Automating Proximity Analysis in Streamlit with Open Source Python
I recently took on a work project that began with a simple goal: perform spatial proximity analysis for a user. Initially, this was a manual task using ArcGIS Pro, but I ended up turning it into a fully automated tool. Here's a detailed look at what I learned, how I refined user requirements, leveraged open-source tools, and ultimately turned this into a useful and flexible tool.
The Manual Approach
Initially, I performed the analysis manually using ArcGIS Pro. This involved several time-consuming steps:
- Data Preparation: Cleaning and organizing the data to ensure accuracy.
- Running Geoprocessing Tools: Using ArcGIS Pro to perform spatial proximity analysis. This involves several ArcGIS geoprocessing tools, including the following:
- Near Table: Identifying points within a specified distance of another point.
- Buffer: Creating a buffer around each point.
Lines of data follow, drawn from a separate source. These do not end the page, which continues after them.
lemma sval_compose_le:
  assumes A: "bounded_clinear A" and B: "bounded_clinear B" and k: "1 \<le> k"
  shows "sval k (A \<circ> B) \<le> onorm A * sval k (B::'a::chilbert \<Rightarrow> 'a)"
proof -
  interpret A: module_hom scaleC scaleC A
    using bounded_clinear_imp_module_hom[OF A] .
  \<comment> \<open>an approximant \<open>X\<close> of \<open>B\<close> of rank \<open>< k\<close> yields the approximant \<open>A \<circ> X\<close> of \<open>A \<circ> B\<close>\<close>
  have approx: "sval k (A \<circ> B) \<le> onorm A * onorm (\<lambda>v. B v - X v)"
    if X: "bounded_clinear X" "rank_lt X k" for X
  proof -
    have "sval k (A \<circ> B) \<le> onorm (\<lambda>v. (A \<circ> B) v - (A \<circ> X) v)"
      by (intro sval_le bounded_clinear_compose rank_lt_compose A B X)
    also have "(\<lambda>v. (A \<circ> B) v - (A \<circ> X) v) = A \<circ> (\<lambda>v. B v - X v)"
      by (auto simp: A.diff)
    also have "onorm \<dots> \<le> onorm A * onorm (\<lambda>v. B v - X v)"
      by (intro onorm_compose bounded_clinear_imp_bounded_linear bounded_clinear_diff A B X)
    finally show ?thesis .
  qed
  show ?thesis
  proof (cases "onorm A = 0")
    case True
    thus ?thesis using approx[OF bounded_clinear_zero rank_lt_zero[OF k]] by simp
  next
    case False
    hence pos: "0 < onorm A"
      using onorm_pos_le[OF bounded_clinear_imp_bounded_linear[OF A]] by simp
    have "sval k (A \<circ> B) / onorm A \<le> sval k B"
      by (rule sval_ge[OF k]) (use approx pos in \<open>auto simp: divide_le_eq mult.commute\<close>)
    thus ?thesis using pos by (simp add: divide_le_eq mult.commute)
  qed
qed

lemma sval_rank_one:
  assumes "norm x = 1" "norm y = 1"
  shows "sval (Suc j) (rank_one x (y::'a::chilbert)) = first_unit j"
proof (cases j)
  case 0
  thus ?thesis using sval_one_eq_onorm[OF bounded_clinear_rank_one, of x y] onorm_rank_one[OF assms]
    by (simp add: first_unit_def)
next
  case (Suc m)
  have rank: "rank_lt (rank_one x y) (Suc j)"
    unfolding rank_lt_def
    by (rule exI[of _ "{x}"]) (auto simp: Suc cspan_def rank_one_def)
  have "sval (Suc j) (rank_one x y) \<le> 0"
    using sval_le[OF bounded_clinear_rank_one[of x y] bounded_clinear_rank_one rank]
    by (simp add: onorm_zero)
  moreover have "0 \<le> sval (Suc j) (rank_one x y)"
    by (rule sval_nonneg[OF bounded_clinear_rank_one]) simp
  ultimately show ?thesis using Suc by (simp add: first_unit_def)
qed

text \<open>A subspace of dimension \<open>n\<close> meets the kernel of any operator of rank \<open>< k \<le> n\<close>.\<close>

lemma sval_id_ge_one:
  assumes dim: "dim_ge TYPE('a::chilbert) n" and k: "1 \<le> k" "k \<le> n"
  shows "1 \<le> sval k (id::'a \<Rightarrow> 'a)"
proof (rule sval_ge[OF k(1)])
  obtain V :: "'a set" where V: "cindependent V" "card V = n"
    using dim unfolding dim_ge_def by blast
  have V_fin: "finite V" and V_indep: "cvs.independent V" using V(1) cindependent_iff by auto
  fix X :: "'a \<Rightarrow> 'a" assume X: "bounded_clinear X" "rank_lt X k"
  obtain W where W: "finite W" "card W < k" "range X \<subseteq> cspan W"
    using X(2) unfolding rank_lt_def by blast
  interpret X: module_hom scaleC scaleC X using bounded_clinear_imp_module_hom[OF X(1)] .
  have "\<exists>v\<in>cvs.span V. v \<noteq> 0 \<and> X v = 0"
  proof (rule ccontr)
    assume "\<not> ?thesis"
    hence inj: "inj_on X (cvs.span V)"
      using X.inj_on_iff_eq_0[OF cvs.subspace_span] by blast
    hence "cvs.independent (X ` V)" by (rule X.independent_injective_image[OF V_indep])
    moreover have "X ` V \<subseteq> cvs.span W" using W(3) cspan_eq_span[OF W(1)] by auto
    ultimately have "card (X ` V) \<le> card W" using cvs.independent_span_bound[OF W(1)] by blast
    moreover have "card (X ` V) = card V"
      using inj by (intro card_image) (meson inj_on_subset cvs.span_superset)
    ultimately show False using W(2) k V(2) by simp
  qed
  then obtain v where v: "v \<noteq> 0" "X v = 0" by blast
  have "norm (id v - X v) \<le> onorm (\<lambda>u. id u - X u) * norm v"
    by (intro onorm bounded_clinear_imp_bounded_linear bounded_clinear_diff bounded_clinear_id X(1))
  thus "1 \<le> onorm (\<lambda>u. id u - X u)" using v by simp
qed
- Dissolve: Merging the buffers together to create distinct polygons representing each group.
- Spatial Join: Joining the buffers with the original data to get the original attributes for each group and summing a field of interest.
- Creating a Web App: Developing a web application in ArcGIS Online to display the results interactively.
While this approach worked, it was labor-intensive and required significant effort for each new dataset. It became clear that automating this process would save time and ensure consistency.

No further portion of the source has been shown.